## EXERCISE DESCRIPTION
Copy out the entries that follow, exactly as written.

*** DATA UNDER STUDY ***

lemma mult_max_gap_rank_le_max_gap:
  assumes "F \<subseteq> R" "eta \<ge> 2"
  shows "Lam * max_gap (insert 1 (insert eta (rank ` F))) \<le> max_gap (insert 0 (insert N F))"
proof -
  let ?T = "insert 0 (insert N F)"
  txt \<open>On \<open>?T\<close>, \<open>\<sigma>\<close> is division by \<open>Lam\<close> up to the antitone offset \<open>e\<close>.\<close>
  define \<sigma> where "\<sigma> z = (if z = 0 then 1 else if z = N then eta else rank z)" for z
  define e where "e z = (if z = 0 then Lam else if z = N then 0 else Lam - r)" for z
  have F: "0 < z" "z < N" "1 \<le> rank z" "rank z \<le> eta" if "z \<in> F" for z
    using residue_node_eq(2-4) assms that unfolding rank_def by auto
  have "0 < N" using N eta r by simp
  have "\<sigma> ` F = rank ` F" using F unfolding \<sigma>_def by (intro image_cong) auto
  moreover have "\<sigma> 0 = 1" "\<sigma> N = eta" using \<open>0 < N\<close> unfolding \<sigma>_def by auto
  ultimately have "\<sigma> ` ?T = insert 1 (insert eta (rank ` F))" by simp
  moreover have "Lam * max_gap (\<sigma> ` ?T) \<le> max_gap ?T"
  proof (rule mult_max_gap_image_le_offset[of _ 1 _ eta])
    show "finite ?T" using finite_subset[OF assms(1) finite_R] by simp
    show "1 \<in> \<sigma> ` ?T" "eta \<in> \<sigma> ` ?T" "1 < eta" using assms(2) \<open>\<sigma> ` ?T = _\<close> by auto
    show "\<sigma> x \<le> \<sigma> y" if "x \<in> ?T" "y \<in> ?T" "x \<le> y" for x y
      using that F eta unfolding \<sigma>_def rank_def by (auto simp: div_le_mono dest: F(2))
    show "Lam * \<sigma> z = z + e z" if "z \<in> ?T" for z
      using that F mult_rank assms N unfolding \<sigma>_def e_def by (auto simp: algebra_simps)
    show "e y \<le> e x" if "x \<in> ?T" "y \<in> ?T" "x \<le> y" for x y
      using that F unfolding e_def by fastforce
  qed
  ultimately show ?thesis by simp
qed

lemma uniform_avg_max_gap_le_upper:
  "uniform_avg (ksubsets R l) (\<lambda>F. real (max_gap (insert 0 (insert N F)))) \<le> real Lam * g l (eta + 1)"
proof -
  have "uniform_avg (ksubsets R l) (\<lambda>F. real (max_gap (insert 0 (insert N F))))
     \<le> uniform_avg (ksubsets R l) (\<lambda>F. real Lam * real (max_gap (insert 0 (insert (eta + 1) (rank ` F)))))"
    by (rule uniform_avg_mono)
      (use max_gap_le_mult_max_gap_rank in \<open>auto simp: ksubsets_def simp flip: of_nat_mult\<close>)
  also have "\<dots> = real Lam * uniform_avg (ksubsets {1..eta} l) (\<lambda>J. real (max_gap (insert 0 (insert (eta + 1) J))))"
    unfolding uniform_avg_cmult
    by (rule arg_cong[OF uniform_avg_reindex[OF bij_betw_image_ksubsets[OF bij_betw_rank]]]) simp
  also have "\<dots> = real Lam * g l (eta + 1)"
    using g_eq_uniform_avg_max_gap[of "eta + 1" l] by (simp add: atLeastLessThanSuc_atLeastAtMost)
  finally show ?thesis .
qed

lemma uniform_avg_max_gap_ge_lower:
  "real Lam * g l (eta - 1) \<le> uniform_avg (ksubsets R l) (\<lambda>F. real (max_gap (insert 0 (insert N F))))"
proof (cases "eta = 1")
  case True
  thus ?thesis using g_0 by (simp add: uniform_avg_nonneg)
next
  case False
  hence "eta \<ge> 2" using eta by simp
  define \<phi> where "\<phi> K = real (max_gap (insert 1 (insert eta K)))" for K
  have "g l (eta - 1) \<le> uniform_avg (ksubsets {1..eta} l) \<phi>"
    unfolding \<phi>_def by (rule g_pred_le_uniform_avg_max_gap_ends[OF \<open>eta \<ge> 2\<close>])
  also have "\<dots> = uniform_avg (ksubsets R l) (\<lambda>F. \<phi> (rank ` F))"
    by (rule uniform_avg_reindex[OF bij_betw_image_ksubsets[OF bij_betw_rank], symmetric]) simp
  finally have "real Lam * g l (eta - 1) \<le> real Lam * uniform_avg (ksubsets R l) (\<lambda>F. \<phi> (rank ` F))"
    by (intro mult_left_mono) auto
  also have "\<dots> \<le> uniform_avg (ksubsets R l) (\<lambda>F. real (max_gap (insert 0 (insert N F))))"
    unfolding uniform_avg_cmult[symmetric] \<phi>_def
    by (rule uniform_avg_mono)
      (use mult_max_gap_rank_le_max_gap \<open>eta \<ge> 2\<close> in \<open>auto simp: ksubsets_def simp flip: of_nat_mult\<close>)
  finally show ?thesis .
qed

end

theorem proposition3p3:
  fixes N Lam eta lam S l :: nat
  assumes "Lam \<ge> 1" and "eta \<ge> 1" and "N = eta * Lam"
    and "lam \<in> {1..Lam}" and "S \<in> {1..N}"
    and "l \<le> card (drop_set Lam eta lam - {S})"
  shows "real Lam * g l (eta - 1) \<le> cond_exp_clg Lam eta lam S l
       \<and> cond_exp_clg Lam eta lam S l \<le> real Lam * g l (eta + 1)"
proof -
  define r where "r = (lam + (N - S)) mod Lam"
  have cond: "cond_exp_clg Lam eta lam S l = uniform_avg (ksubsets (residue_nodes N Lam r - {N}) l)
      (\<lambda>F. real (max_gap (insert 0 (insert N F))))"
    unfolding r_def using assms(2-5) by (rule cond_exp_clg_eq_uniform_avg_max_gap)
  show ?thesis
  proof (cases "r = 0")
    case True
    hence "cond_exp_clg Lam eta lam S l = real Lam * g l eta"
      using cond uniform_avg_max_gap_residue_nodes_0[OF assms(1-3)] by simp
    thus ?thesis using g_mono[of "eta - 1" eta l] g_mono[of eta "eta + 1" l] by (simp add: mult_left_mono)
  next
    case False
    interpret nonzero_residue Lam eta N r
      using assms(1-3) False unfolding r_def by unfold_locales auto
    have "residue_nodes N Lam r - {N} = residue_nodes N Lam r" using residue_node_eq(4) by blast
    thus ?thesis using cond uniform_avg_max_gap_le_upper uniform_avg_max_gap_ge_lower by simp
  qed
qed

*** End of DATA UNDER STUDY ***

## SOLUTION TO THIS PROBLEM
lemma mult_max_gap_rank_le_max_gap:
  assumes "F \<subseteq> R" "eta \<ge> 2"
  shows "Lam * max_gap (insert 1 (insert eta (rank ` F))) \<le> max_gap (insert 0 (insert N F))"
proof -
  let ?T = "insert 0 (insert N F)"
  txt \<open>On \<open>?T\<close>, \<open>\<sigma>\<close> is division by \<open>Lam\<close> up to the antitone offset \<open>e\<close>.\<close>
  define \<sigma> where "\<sigma> z = (if z = 0 then 1 else if z = N then eta else rank z)" for z
  define e where "e z = (if z = 0 then Lam else if z = N then 0 else Lam - r)" for z
  have F: "0 < z" "z < N" "1 \<le> rank z" "rank z \<le> eta" if "z \<in> F" for z
    using residue_node_eq(2-4) assms that unfolding rank_def by auto
  have "0 < N" using N eta r by simp
  have "\<sigma> ` F = rank ` F" using F unfolding \<sigma>_def by (intro image_cong) auto
  moreover have "\<sigma> 0 = 1" "\<sigma> N = eta" using \<open>0 < N\<close> unfolding \<sigma>_def by auto
  ultimately have "\<sigma> ` ?T = insert 1 (insert eta (rank ` F))" by simp
  moreover have "Lam * max_gap (\<sigma> ` ?T) \<le> max_gap ?T"
  proof (rule mult_max_gap_image_le_offset[of _ 1 _ eta])
    show "finite ?T" using finite_subset[OF assms(1) finite_R] by simp
    show "1 \<in> \<sigma> ` ?T" "eta \<in> \<sigma> ` ?T" "1 < eta" using assms(2) \<open>\<sigma> ` ?T = _\<close> by auto
    show "\<sigma> x \<le> \<sigma> y" if "x \<in> ?T" "y \<in> ?T" "x \<le> y" for x y
      using that F eta unfolding \<sigma>_def rank_def by (auto simp: div_le_mono dest: F(2))
    show "Lam * \<sigma> z = z + e z" if "z \<in> ?T" for z
      using that F mult_rank assms N unfolding \<sigma>_def e_def by (auto simp: algebra_simps)
    show "e y \<le> e x" if "x \<in> ?T" "y \<in> ?T" "x \<le> y" for x y
      using that F unfolding e_def by fastforce
  qed
  ultimately show ?thesis by simp
qed

lemma uniform_avg_max_gap_le_upper:
  "uniform_avg (ksubsets R l) (\<lambda>F. real (max_gap (insert 0 (insert N F)))) \<le> real Lam * g l (eta + 1)"
proof -
  have "uniform_avg (ksubsets R l) (\<lambda>F. real (max_gap (insert 0 (insert N F))))
     \<le> uniform_avg (ksubsets R l) (\<lambda>F. real Lam * real (max_gap (insert 0 (insert (eta + 1) (rank ` F)))))"
    by (rule uniform_avg_mono)
      (use max_gap_le_mult_max_gap_rank in \<open>auto simp: ksubsets_def simp flip: of_nat_mult\<close>)
  also have "\<dots> = real Lam * uniform_avg (ksubsets {1..eta} l) (\<lambda>J. real (max_gap (insert 0 (insert (eta + 1) J))))"
    unfolding uniform_avg_cmult
    by (rule arg_cong[OF uniform_avg_reindex[OF bij_betw_image_ksubsets[OF bij_betw_rank]]]) simp
  also have "\<dots> = real Lam * g l (eta + 1)"
    using g_eq_uniform_avg_max_gap[of "eta + 1" l] by (simp add: atLeastLessThanSuc_atLeastAtMost)
  finally show ?thesis .
qed

lemma uniform_avg_max_gap_ge_lower:
  "real Lam * g l (eta - 1) \<le> uniform_avg (ksubsets R l) (\<lambda>F. real (max_gap (insert 0 (insert N F))))"
proof (cases "eta = 1")
  case True
  thus ?thesis using g_0 by (simp add: uniform_avg_nonneg)
next
  case False
  hence "eta \<ge> 2" using eta by simp
  define \<phi> where "\<phi> K = real (max_gap (insert 1 (insert eta K)))" for K
  have "g l (eta - 1) \<le> uniform_avg (ksubsets {1..eta} l) \<phi>"
    unfolding \<phi>_def by (rule g_pred_le_uniform_avg_max_gap_ends[OF \<open>eta \<ge> 2\<close>])
  also have "\<dots> = uniform_avg (ksubsets R l) (\<lambda>F. \<phi> (rank ` F))"
    by (rule uniform_avg_reindex[OF bij_betw_image_ksubsets[OF bij_betw_rank], symmetric]) simp
  finally have "real Lam * g l (eta - 1) \<le> real Lam * uniform_avg (ksubsets R l) (\<lambda>F. \<phi> (rank ` F))"
    by (intro mult_left_mono) auto
  also have "\<dots> \<le> uniform_avg (ksubsets R l) (\<lambda>F. real (max_gap (insert 0 (insert N F))))"
    unfolding uniform_avg_cmult[symmetric] \<phi>_def
    by (rule uniform_avg_mono)
      (use mult_max_gap_rank_le_max_gap \<open>eta \<ge> 2\<close> in \<open>auto simp: ksubsets_def simp flip: of_nat_mult\<close>)
  finally show ?thesis .
qed

end

theorem proposition3p3:
  fixes N Lam eta lam S l :: nat
  assumes "Lam \<ge> 1" and "eta \<ge> 1" and "N = eta * Lam"
    and "lam \<in> {1..Lam}" and "S \<in> {1..N}"
    and "l \<le> card (drop_set Lam eta lam - {S})"
  shows "real Lam * g l (eta - 1) \<le> cond_exp_clg Lam eta lam S l
       \<and> cond_exp_clg Lam eta lam S l \<le> real Lam * g l (eta + 1)"
proof -
  define r where "r = (lam + (N - S)) mod Lam"
  have cond: "cond_exp_clg Lam eta lam S l = uniform_avg (ksubsets (residue_nodes N Lam r - {N}) l)
      (\<lambda>F. real (max_gap (insert 0 (insert N F))))"
    unfolding r_def using assms(2-5) by (rule cond_exp_clg_eq_uniform_avg_max_gap)
  show ?thesis
  proof (cases "r = 0")
    case True
    hence "cond_exp_clg Lam eta lam S l = real Lam * g l eta"
      using cond uniform_avg_max_gap_residue_nodes_0[OF assms(1-3)] by simp
    thus ?thesis using g_mono[of "eta - 1" eta l] g_mono[of eta "eta + 1" l] by (simp add: mult_left_mono)
  next
    case False
    interpret nonzero_residue Lam eta N r
      using assms(1-3) False unfolding r_def by unfold_locales auto
    have "residue_nodes N Lam r - {N} = residue_nodes N Lam r" using residue_node_eq(4) by blast
    thus ?thesis using cond uniform_avg_max_gap_le_upper uniform_avg_max_gap_ge_lower by simp
  qed
qed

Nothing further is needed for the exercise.